*Task to complete*. Pull out every line below that holds the word "times".

(Material for the task begins)

lemma cond_Pi_pmf_component:
  assumes A: "finite A" "i \<in> A" and ne: "set_pmf (p i) \<inter> X \<noteq> {}"
  shows "cond_pmf (Pi_pmf A d p) {c. c i \<in> X} = Pi_pmf A d (p(i := cond_pmf (p i) X))"
proof -
  obtain x where x: "x \<in> set_pmf (p i)" "x \<in> X" using ne by blast
  have component: "map_pmf (\<lambda>f. f i) (Pi_pmf A d p) = p i"
    by (subst Pi_pmf_component[OF A(1)]) (simp add: A(2))
  have measure_event: "measure (Pi_pmf A d p) {c. c i \<in> X} = measure (p i) X"
  proof -
    have "measure (p i) X = measure (map_pmf (\<lambda>f. f i) (Pi_pmf A d p)) X" using component by simp
    also have "\<dots> = measure (Pi_pmf A d p) {c. c i \<in> X}" by (simp add: vimage_def)
    finally show ?thesis by simp
  qed
  have "set_pmf (p i) = (\<lambda>f. f i) ` set_pmf (Pi_pmf A d p)" using component[symmetric] by simp
  with x have ne': "set_pmf (Pi_pmf A d p) \<inter> {c. c i \<in> X} \<noteq> {}" by auto
  have pos: "measure (p i) X > 0" using x by (rule measure_pmf_posI)
  show ?thesis
  proof (rule pmf_eqI)
    fix f
    let ?p' = "p(i := cond_pmf (p i) X)"
    have "(\<Prod>x\<in>A. pmf (p x) (f x)) = pmf (p i) (f i) * (\<Prod>x\<in>A - {i}. pmf (p x) (f x))"
      using A by (simp add: prod.remove)
    moreover have "(\<Prod>x\<in>A. pmf (?p' x) (f x)) = pmf (cond_pmf (p i) X) (f i) * (\<Prod>x\<in>A - {i}. pmf (p x) (f x))"
      using A by (simp add: prod.remove)
    ultimately show "pmf (cond_pmf (Pi_pmf A d p) {c. c i \<in> X}) f = pmf (Pi_pmf A d ?p') f"
      using ne ne' measure_event pos A by (simp add: pmf_cond pmf_Pi) blast
  qed
qed

lemma wants_subset_lacks_receiver_pmf:
  assumes "rho \<le> N" "psi \<le> N - rho" "x \<in> set_pmf (receiver_pmf N rho psi)"
  shows "snd x \<subseteq> {1..N} - fst x"
proof -
  have "card ({1..N} - H) = N - rho" if "H \<in> subsets_of_card {1..N} rho" for H
    using that by (auto simp: card_Diff_subset finite_subset)
  then show ?thesis
    using assms subsets_of_card_nonempty[of "{1..N}" rho]
      subsets_of_card_nonempty[of "{1..N} - _" psi]
    by (auto simp: receiver_pmf_def)
qed

text \<open>Given its Has set H, a receiver wants a \<notin> H with probability psi/(N - rho).\<close>
lemma measure_receiver_pmf_has_in_and_wants:
  assumes "rho \<le> N" "psi \<le> N - rho" "a \<in> {1..N}"
  shows "measure (receiver_pmf N rho psi) {x. fst x \<in> E \<and> a \<in> snd x}
    = real psi / real (N - rho) * measure (pmf_of_set (subsets_of_card {1..N} rho)) {H. H \<in> E \<and> a \<notin> H}"
proof -
  let ?c = "real psi / real (N - rho)" and ?B = "{H. H \<in> E \<and> a \<notin> H}"
  have inner: "measure (map_pmf (Pair H) (pmf_of_set (subsets_of_card ({1..N} - H) psi)))
      {x. fst x \<in> E \<and> a \<in> snd x} = ?c * indicator ?B H"
    if H: "H \<in> subsets_of_card {1..N} rho" for H
  proof -
    have card: "card ({1..N} - H) = N - rho"
      using H by (auto simp: card_Diff_subset finite_subset)
    show ?thesis
    proof (cases "H \<in> ?B")
      case True
      then show ?thesis
        using measure_pmf_of_subsets_mem[of "{1..N} - H" a psi] card assms by (simp add: vimage_def)
    next
      case False
      then have "subsets_of_card ({1..N} - H) psi \<inter> {W. H \<in> E \<and> a \<in> W} = {}"
        by auto
      then show ?thesis
        using False card assms
        by (simp add: vimage_def measure_pmf_of_set[OF subsets_of_card_nonempty])
    qed
  qed
  have "measure (receiver_pmf N rho psi) {x. fst x \<in> E \<and> a \<in> snd x}
      = measure_pmf.expectation (pmf_of_set (subsets_of_card {1..N} rho)) (\<lambda>H. ?c * indicator ?B H)"
    unfolding receiver_pmf_def measure_bind_pmf
    using assms(1) inner subsets_of_card_nonempty[of "{1..N}" rho]
    by (intro integral_cong_AE) (auto simp: AE_measure_pmf_iff)
  then show ?thesis by simp
qed

lemma measure_receiver_pmf_wants:
  assumes "rho \<le> N" "psi \<le> N - rho" "a \<in> {1..N}"
  shows "measure (receiver_pmf N rho psi) {x. a \<in> snd x} = real psi / real N"
proof (cases "rho = N")
  case True
  then show ?thesis
    using assms measure_receiver_pmf_has_in_and_wants[OF assms, of UNIV] by simp
next
  case False
  then show ?thesis
    using assms measure_receiver_pmf_has_in_and_wants[OF assms, of UNIV]
      measure_pmf_of_subsets_avoiding[of "{1..N}" a rho UNIV]
    by (simp add: of_nat_diff)
qed

lemma measure_receiver_pmf_has_and_wants:
  assumes "rho \<le> N" "psi \<le> N - rho" "a \<in> {1..N}" "b \<in> {1..N}" "a \<noteq> b"
  shows "measure (receiver_pmf N rho psi) {x. b \<in> fst x \<and> a \<in> snd x}
    = real rho * real psi / (real N * (real N - 1))"
proof (cases "rho = N")
  case True
  then show ?thesis
    using assms measure_receiver_pmf_has_in_and_wants[OF assms(1-3), of "{H. b \<in> H}"] by simp
next
  case False
  have "measure (pmf_of_set (subsets_of_card ({1..N} - {a}) rho)) {H. b \<in> H} = real rho / real (N - 1)"
    using measure_pmf_of_subsets_mem[of "{1..N} - {a}" b rho] assms False by simp
  then show ?thesis
    using assms False measure_receiver_pmf_has_in_and_wants[OF assms(1-3), of "{H. b \<in> H}"]
      measure_pmf_of_subsets_avoiding[of "{1..N}" a rho "{H. b \<in> H}"]
    by (simp add: of_nat_diff)
qed

lemma set_receiver_pmf_wants_nonempty:
  assumes "rho \<le> N" "psi \<le> N - rho" "0 < psi" "a \<in> {1..N}"
  shows "set_pmf (receiver_pmf N rho psi) \<inter> {x. a \<in> snd x} \<noteq> {}"
proof
  assume "set_pmf (receiver_pmf N rho psi) \<inter> {x. a \<in> snd x} = {}"
  then have "measure (receiver_pmf N rho psi) {x. a \<in> snd x} = 0"
    by (simp add: measure_pmf_zero_iff)
  then show False
    using measure_receiver_pmf_wants[OF assms(1,2,4)] assms(3,4) by simp
qed

lemma measure_cond_receiver_pmf_has:
  assumes "rho \<le> N" "psi \<le> N - rho" "0 < psi" "j \<in> {1..N}" "l \<in> {1..N}" "l \<noteq> j"
  shows "measure (cond_pmf (receiver_pmf N rho psi) {x. j \<in> snd x}) {x. l \<in> fst x}
    = real rho / (real N - 1)"
proof -
  let ?p = "receiver_pmf N rho psi"
  have "measure (cond_pmf ?p {x. j \<in> snd x}) {x. l \<in> fst x}
      = measure ?p ({x. j \<in> snd x} \<inter> {x. l \<in> fst x}) / measure ?p {x. j \<in> snd x}"
    by (rule measure_cond_pmf[OF set_receiver_pmf_wants_nonempty[OF assms(1-4)]])
  also have "{x. j \<in> snd x} \<inter> {x. l \<in> fst x} = {x. l \<in> fst x \<and> j \<in> snd x}"
    by auto
  also have "measure ?p \<dots> = real rho * real psi / (real N * (real N - 1))"
    using measure_receiver_pmf_has_and_wants assms by simp
  also have "measure ?p {x. j \<in> snd x} = real psi / real N"
    using measure_receiver_pmf_wants assms by simp
  also have "real rho * real psi / (real N * (real N - 1)) / (real psi / real N) = real rho / (real N - 1)"
    using assms by (simp add: field_simps)
  finally show ?thesis .
qed

text \<open>For k \<noteq> i, with ri = (H_i, W_i) and rk = (H_k, W_k), idnc_edge j ri l rk says that
  v_kl is a vertex adjacent to v_ij.\<close>
definition idnc_edge :: "nat \<Rightarrow> nat set \<times> nat set \<Rightarrow> nat \<Rightarrow> nat set \<times> nat set \<Rightarrow> bool" where
  "idnc_edge j ri l rk \<longleftrightarrow> l \<in> snd rk \<and> (l = j \<or> j \<in> fst rk \<and> l \<in> fst ri)"

text \<open>Receiver i contributes no neighbour: C1 would give v_ij itself, and C2 needs j \<in> H_i.\<close>
lemma primary_degree_eq_sum_card:
  assumes "i \<in> {1..M}" "j \<in> Wants c i"
    and lacks: "\<And>k. k \<in> {1..M} \<Longrightarrow> Wants c k \<subseteq> {1..N} - Has c k"
  shows "primary_degree M c (i, j) = (\<Sum>k\<in>{1..M} - {i}. card {l \<in> {1..N}. idnc_edge j (c i) l (c k)})"
proof -
  let ?T = "\<lambda>k. {l \<in> {1..N}. idnc_edge j (c i) l (c k)}"
  have "j \<notin> Has c i" using assms(1,2) lacks[of i] by auto
  then have "{u \<in> idnc_vertices M c. idnc_adj c (i, j) u} = (\<Union>k\<in>{1..M} - {i}. {k} \<times> ?T k)"
    using lacks
    by (fastforce simp: idnc_vertices_def idnc_adj_def idnc_edge_def Has_def Wants_def)
  then have "primary_degree M c (i, j) = card (\<Union>k\<in>{1..M} - {i}. {k} \<times> ?T k)"
    by (simp add: primary_degree_def)
  also have "\<dots> = (\<Sum>k\<in>{1..M} - {i}. card ({k} \<times> ?T k))"
    by (rule card_UN_disjoint) auto
  finally show ?thesis by (simp add: card_cartesian_product_singleton)
qed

(Material for the task ends)

*Written answer*.
definition idnc_edge :: "nat \<Rightarrow> nat set \<times> nat set \<Rightarrow> nat \<Rightarrow> nat set \<times> nat set \<Rightarrow> bool" where
  then have "{u \<in> idnc_vertices M c. idnc_adj c (i, j) u} = (\<Union>k\<in>{1..M} - {i}. {k} \<times> ?T k)"
  then have "primary_degree M c (i, j) = card (\<Union>k\<in>{1..M} - {i}. {k} \<times> ?T k)"
  also have "\<dots> = (\<Sum>k\<in>{1..M} - {i}. card ({k} \<times> ?T k))"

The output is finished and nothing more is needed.